Oct. 5, 1964 - Those star-crossed Phillies — who discovered in Cincinnati that close only counts when you’re dancing — found out on their arrival home last night that thousands of Philadelphia fans loved them just the same.

Horns honked, bells clanged, and poetic pennants fluttered in the evening breeze as a mob of 7,500 jammed International Airport to welcome back their lovable Phils.

As homecomings go, last night’s touching demonstration had everything — everything but the right ending. For the Phillies, alas, had come home in second place.

One sign, crudely scrawled on an old crackerjack carton, seemed to say it all: “Win, Lose, or Draw, We Love You Phillies Anyway.” It was a frustrating footnote to the great expectations of last week and last month.

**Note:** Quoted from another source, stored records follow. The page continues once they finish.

text \<open>First-order condition at the minimiser: perturbing \<open>g\<close> along the residual
  \<open>r = B g - \<lambda> g\<close> changes the Rayleigh inequality by \<open>2 t |r|\<^sup>2 + O(t\<^sup>2)\<close>.\<close>
lemma quad_form_minimiser_is_eigenvector:
  assumes sym: "\<And>i j. i < n \<Longrightarrow> j < n \<Longrightarrow> B i j = B j i"
    and unit: "sum_sq n g = 1"
    and min: "\<And>x. quad_form B n g * sum_sq n x \<le> quad_form B n x"
  shows "\<forall>i<n. (\<Sum>j<n. B i j * g j) = quad_form B n g * g i"
proof -
  define lam where "lam = quad_form B n g"
  define r where "r = (\<lambda>i. (\<Sum>j<n. B i j * g j) - lam * g i)"
  have residual: "(\<Sum>i<n. r i * (\<Sum>j<n. B i j * g j)) - lam * (\<Sum>i<n. r i * g i) = sum_sq n r"
  proof -
    have "(\<Sum>i<n. r i * (\<Sum>j<n. B i j * g j)) - lam * (\<Sum>i<n. r i * g i)
        = (\<Sum>i<n. r i * (\<Sum>j<n. B i j * g j) - lam * (r i * g i))"
      by (simp add: sum_subtractf sum_distrib_left)
    also have "\<dots> = (\<Sum>i<n. r i * r i)"
      by (intro sum.cong refl) (simp add: r_def algebra_simps)
    finally show ?thesis by (simp add: power2_eq_square)
  qed
  have "0 \<le> 2 * t * sum_sq n r + t^2 * (quad_form B n r - lam * sum_sq n r)" for t
  proof -
    have "(g i + t * r i)^2 = (g i)^2 + 2 * t * (r i * g i) + t^2 * (r i)^2" for i
      by (simp add: power2_eq_square algebra_simps)
    hence "sum_sq n (\<lambda>i. g i + t * r i) = sum_sq n g + 2 * t * (\<Sum>i<n. r i * g i) + t^2 * sum_sq n r"
      by (simp add: sum.distrib sum_distrib_left)
    hence "lam * (sum_sq n g + 2 * t * (\<Sum>i<n. r i * g i) + t^2 * sum_sq n r)
        \<le> quad_form B n (\<lambda>i. g i + t * r i)"
      using min[of "\<lambda>i. g i + t * r i"] by (simp add: lam_def)
    also have "\<dots> = quad_form B n g + 2 * t * (\<Sum>i<n. r i * (\<Sum>j<n. B i j * g j)) + t^2 * quad_form B n r"
      by (rule quad_form_perturb[OF sym])
    finally show ?thesis using residual unit unfolding lam_def[symmetric]
      by (simp add: algebra_simps)
  qed
  hence "sum_sq n r = 0"
    by (intro linear_coeff_zero_if_quadratic_nonneg) (simp_all add: sum_nonneg)
  thus ?thesis by (simp add: sum_sq_eq_0_iff r_def lam_def)
qed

And, ironically, it was held aloft by a pregnant woman.

“The baby?” said Mrs. Fran Polin, 754 Jericho Rd. “Oh, yes, the baby. It was due last Friday — about the same time as the pennant. But I still love the Phillies. Her companion, Miss Jill Kagel, 6530 N. Bouvier St., hoisted a more positive prediction. Her sign read: “Back Alive in ’65.”

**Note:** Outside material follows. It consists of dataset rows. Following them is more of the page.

(* Let $u\equiv 0\pmod{12}$ and $v\equiv 2,4\pmod 6$. Then $\Phi(u\times v,4,2)\le\left\lfloor\frac{u}{4}\left(\left\lfloor\frac{uv-1}{3}\left\lfloor\frac{uv-2}{2}\right\rfloor\right\rfloor-1\right)\right\rfloor-1$.
   Context: A 2-D $(u\times v,4,2)$-OOC is a family $\mathcal C$ of $u\times v$ $(0,1)$-matrices of Hamming weight $4$ such that for all $A=(a_{ij}),B=(b_{ij})\in\mathcal C$ and integers $r$ with $A\ne B$ or $r\not\equiv0\pmod v$, $\sum_{i,j}a_{ij}b_{i,j+r}\le 2$ (column indices mod $v$). $\Phi(u\times v,4,2)$ is the largest size of such a code. *)

theory Defs
  imports Complex_Main
begin

definition is01mat :: "nat \<Rightarrow> nat \<Rightarrow> (nat \<Rightarrow> nat \<Rightarrow> nat) \<Rightarrow> bool" where
  "is01mat u v A \<longleftrightarrow>
     (\<forall>i j. A i j \<in> {0, 1}) \<and> (\<forall>i j. (i \<ge> u \<or> j \<ge> v) \<longrightarrow> A i j = 0)"

definition hweight :: "nat \<Rightarrow> nat \<Rightarrow> (nat \<Rightarrow> nat \<Rightarrow> nat) \<Rightarrow> nat" where
  "hweight u v A = (\<Sum>i<u. \<Sum>j<v. A i j)"

definition corr :: "nat \<Rightarrow> nat \<Rightarrow> (nat \<Rightarrow> nat \<Rightarrow> nat) \<Rightarrow> (nat \<Rightarrow> nat \<Rightarrow> nat) \<Rightarrow> int \<Rightarrow> nat" where
  "corr u v A B r = (\<Sum>i<u. \<Sum>j<v. A i j * B i (nat ((int j + r) mod int v)))"

definition is_OOC :: "nat \<Rightarrow> nat \<Rightarrow> (nat \<Rightarrow> nat \<Rightarrow> nat) set \<Rightarrow> bool" where
  "is_OOC u v C \<longleftrightarrow>
     (\<forall>A\<in>C. is01mat u v A \<and> hweight u v A = 4) \<and>
     (\<forall>A\<in>C. \<forall>B\<in>C. \<forall>r::int. (A \<noteq> B \<or> \<not> (r mod int v = 0)) \<longrightarrow> corr u v A B r \<le> 2)"
(* Let $\mathcal{S}\subseteq\mathcal{P}_{fin}(\mathbb{N})$ be an IP set, let $\mathcal{B}\subseteq\mathcal{S}$ be finite, let $r\geq 1$, and let $c:NU(\mathcal{S})\rightarrow[1,r]$ be a coloring. Then at least one of the following holds: (1) there is a finite $\mathcal{D}\subseteq\mathcal{S}-\mathcal{B}$ such that for every $S\in(\mathcal{S}-\mathcal{B})-\mathcal{D}$ there is a $D\in NU(\mathcal{D})$ such that $\mathcal{B}$ does not half-match $D\cup S$; or (2) there is an IP set $\mathcal{T}\subseteq\mathcal{S}-\mathcal{B}$ such that $\mathcal{B}$ half-matches $\mathcal{T}$.
   Context: $\mathcal{P}_{fin}(\mathbb{N})$ is the set of finite subsets of $\mathbb{N}$. For $\mathcal{S}\subseteq\mathcal{P}_{fin}(\mathbb{N})$, $NU(\mathcal{S})$ denotes the set of non-empty sets which are unions of finitely many elements of $\mathcal{S}$. A set $\mathcal{S}\subseteq\mathcal{P}_{fin}(\mathbb{N})$ is an IP set if it is closed under finite unions and contains an infinite family of pairwise disjoint elements. For $B\in\mathcal{S}$, $\mathcal{S}-B:=\{T\in\mathcal{S}: T\cap B=\emptyset\}$, and for $\mathcal{B}\subseteq\mathcal{S}$, $\mathcal{S}-\mathcal{B}:=\bigcap_{B\in\mathcal{B}}(\mathcal{S}-B)$. Relative to a coloring $c$: a family $\mathcal{D}$ half-matches a set $B$ if there is $D\in\mathcal{D}$ with $c(B)=c(D\cup B)$; $\mathcal{D}$ half-matches a family $\mathcal{B}$ if it half-matches every $B\in\mathcal{B}$. *)

theory Defs
  imports Main
begin

definition Pfin :: "nat set set" where
  "Pfin = {A. finite A}"

definition NU :: "nat set set \<Rightarrow> nat set set" where
  "NU F = {A. A \<noteq> {} \<and> (\<exists>G. finite G \<and> G \<subseteq> F \<and> A = \<Union>G)}"

definition IP_set :: "nat set set \<Rightarrow> bool" where
  "IP_set S \<longleftrightarrow> S \<subseteq> Pfin
     \<and> (\<forall>G. finite G \<and> G \<noteq> {} \<and> G \<subseteq> S \<longrightarrow> \<Union>G \<in> S)
     \<and> (\<exists>F. F \<subseteq> S \<and> infinite F \<and> pairwise disjnt F)"

definition minus_set :: "nat set set \<Rightarrow> nat set \<Rightarrow> nat set set" where
  "minus_set S B = {T \<in> S. T \<inter> B = {}}"

text \<open>S - \<B> for a family: intersection of S - B over B in \<B> (equal to S if \<B> is empty)\<close>
definition minus_fam :: "nat set set \<Rightarrow> nat set set \<Rightarrow> nat set set" where
  "minus_fam S \<B> = {T \<in> S. \<forall>B\<in>\<B>. T \<in> minus_set S B}"

definition half_matches_set :: "(nat set \<Rightarrow> nat) \<Rightarrow> nat set set \<Rightarrow> nat set \<Rightarrow> bool" where
  "half_matches_set c \<D> B \<longleftrightarrow> (\<exists>D\<in>\<D>. c B = c (D \<union> B))"

definition half_matches :: "(nat set \<Rightarrow> nat) \<Rightarrow> nat set set \<Rightarrow> nat set set \<Rightarrow> bool" where
  "half_matches c \<D> \<B> \<longleftrightarrow> (\<forall>B\<in>\<B>. half_matches_set c \<D> B)"

end

theory Submission
  imports Defs
begin

(* Suppose alternative (1) fails, i.e. every finite D \<subseteq> M = S - \<B>
   admits some S' \<in> M - D such that \<B> half-matches D' \<union> S' for all D' \<in> NU D.
   Then any finite D \<subseteq> M can be extended by one more set z \<in> M - D, z \<noteq> {},
   such that \<B> half-matches z and every D' \<union> z with D' \<in> NU D: take a nonempty
   y \<in> S avoiding \<Union>\<B> \<union> \<Union>D (it exists because an IP set contains infinitely
   many pairwise disjoint sets), apply the failure of (1) to D \<union> {y} and put
   z = y \<union> S'.  Iterating this step by dependent choice over finite prefixes
   yields a sequence x of nonempty, pairwise disjoint sets in M such that \<B>
   half-matches x n and D \<union> x n for all D \<in> NU {x 0, ..., x (n-1)}.  Then
   T = NU (range x) is an IP set contained in M, and since every element of T is
   either some x m or D \<union> x m with D built from earlier terms, \<B> half-matches
   T; this is alternative (2). *)

lemma mem_minus_fam: "T \<in> minus_fam X \<D> \<longleftrightarrow> T \<in> X \<and> (\<forall>B\<in>\<D>. T \<inter> B = {})"
  unfolding minus_fam_def minus_set_def by auto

Downstairs, near Gate 41, where the Phillies landed, several of the players’ wives huddled together on a bench. Two of them — Fran Wine (shortstop Bobby’s lady) and Judy Amaro (Reuben’s missus) — are also expecting.

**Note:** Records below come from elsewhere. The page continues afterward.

text \<open>Subtracting a fixed representative maps each fibre of the restriction to S into the
  words vanishing on S.\<close>

lemma card_le_card_vanishing:
  assumes E: "E \<subseteq> vecs R n" and vsub_closed: "\<And>u w. u \<in> E \<Longrightarrow> w \<in> E \<Longrightarrow> vsub u w \<in> E"
    and S: "finite S"
  shows "card E \<le> q ^ card S * card {c\<in>E. \<forall>i\<in>S. c i = \<zero>}"
proof -
  define restr where "restr c = (\<lambda>i. if i \<in> S then c i else \<zero>)" for c :: "nat \<Rightarrow> nat"
  define K where "K = {c\<in>E. \<forall>i\<in>S. c i = \<zero>}"
  define M where "M = {f. (\<forall>i\<in>S. f i \<in> carrier R) \<and> (\<forall>i. i \<notin> S \<longrightarrow> f i = \<zero>)}"
  define rep where "rep c = (SOME c'. c' \<in> E \<and> restr c' = restr c)" for c
  define \<psi> where "\<psi> c = (restr c, vsub c (rep c))" for c
  have rep: "rep c \<in> E" "restr (rep c) = restr c" if "c \<in> E" for c
    using someI[of "\<lambda>c'. c' \<in> E \<and> restr c' = restr c" c] that unfolding rep_def by auto
  have "inj_on \<psi> E"
  proof (rule inj_onI)
    fix c c' assume c: "c \<in> E" "c' \<in> E" and "\<psi> c = \<psi> c'"
    then have "restr c = restr c'" "vsub c (rep c) = vsub c' (rep c)"
      unfolding \<psi>_def rep_def by auto
    then show "c = c'" using c rep vsub_right_cancel E by blast
  qed
  then have "card E = card (\<psi> ` E)" by (simp add: card_image)
  also have "\<dots> \<le> card (restr ` E \<times> K)"
  proof (rule card_mono)
    have "finite E" using E finite_vecs finite_subset by blast
    then show "finite (restr ` E \<times> K)" unfolding K_def by simp
    have "vsub c (rep c) \<in> K" if "c \<in> E" for c
    proof -
      have "rep c i = c i" if "i \<in> S" for i using rep(2)[OF \<open>c \<in> E\<close>] that
        unfolding restr_def by meson
      then show ?thesis using that E vecs_in_carrier vsub_closed rep(1)
        unfolding K_def vsub_def by (auto simp: a_minus_def r_neg)
    qed
    then show "\<psi> ` E \<subseteq> restr ` E \<times> K" unfolding \<psi>_def by auto
  qed
  also have "\<dots> = card (restr ` E) * card K" by (rule card_cartesian_product)
  also have "\<dots> \<le> q ^ card S * card K"
  proof -
    have "restr ` E \<subseteq> M" using E vecs_in_carrier unfolding M_def restr_def by auto
    then have "card (restr ` E) \<le> card M"
      using card_funcs_with_default(1)[OF S finite_carrier] by (intro card_mono) (simp_all add: M_def)
    then show ?thesis
      using card_funcs_with_default(2)[OF S finite_carrier] by (simp add: M_def)
  qed
  finally show ?thesis unfolding K_def .
qed

definition shortened :: "nat \<Rightarrow> (nat \<Rightarrow> nat) set" where
  "shortened s = {c\<in>C. \<forall>i<s. c i = \<zero>}"

lemma shortened_subset_code: "shortened s \<subseteq> C"
  unfolding shortened_def by auto

lemma vsub_in_shortened: "u \<in> shortened s \<Longrightarrow> w \<in> shortened s \<Longrightarrow> vsub u w \<in> shortened s"
  unfolding shortened_def using vsub_in_code by (auto simp: vsub_def)

lemma card_shortened:
  assumes "s \<le> k"
  shows "q ^ (k - s) \<le> card (shortened s)"
proof -
  have "q ^ k \<le> q ^ card {..<s} * card (shortened s)"
    using card_le_card_vanishing[OF code_subset_vecs vsub_in_code, of "{..<s}"] card_code
    unfolding shortened_def by (simp add: Ball_def)
  then have "q ^ s * q ^ (k - s) \<le> q ^ s * card (shortened s)"
    using assms by (simp flip: power_add)
  then show ?thesis using q_ge_2 by simp
qed

lemma weight_shortened:
  assumes "c \<in> shortened s"
  shows "weight c = card {i\<in>{s..<n}. c i \<noteq> \<zero>}"
proof -
  have "{i. i < n \<and> c i \<noteq> \<zero>} = {i\<in>{s..<n}. c i \<noteq> \<zero>}"
    using assms unfolding shortened_def by (auto simp: not_less[symmetric])
  then show ?thesis unfolding hamming_dist_def by simp
qed

lemma weight_shortened_le: "c \<in> shortened s \<Longrightarrow> weight c \<le> n - s"
  using card_mono[of "{s..<n}" "{i\<in>{s..<n}. c i \<noteq> \<zero>}"] weight_shortened[of c s] by fastforce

“How do I feel?” smiled Mrs. Wine. “Why, I feel pregnant.”

Judy Amaro giggled. “I have one on the way, too — one at home and one on the way.”

When the Phillies’ chartered plane touched down at 8:37 p.m., the crowd let go with a deafening roar. A stranger in the airport might have thought the Phillies had won the dang thing anyway.

A grim Gene Mauch was the first down the ramp. The Phillies’ manager, wearing a brown suit, white button-down shirt, and bright gold tie, looked drawn and frustrated.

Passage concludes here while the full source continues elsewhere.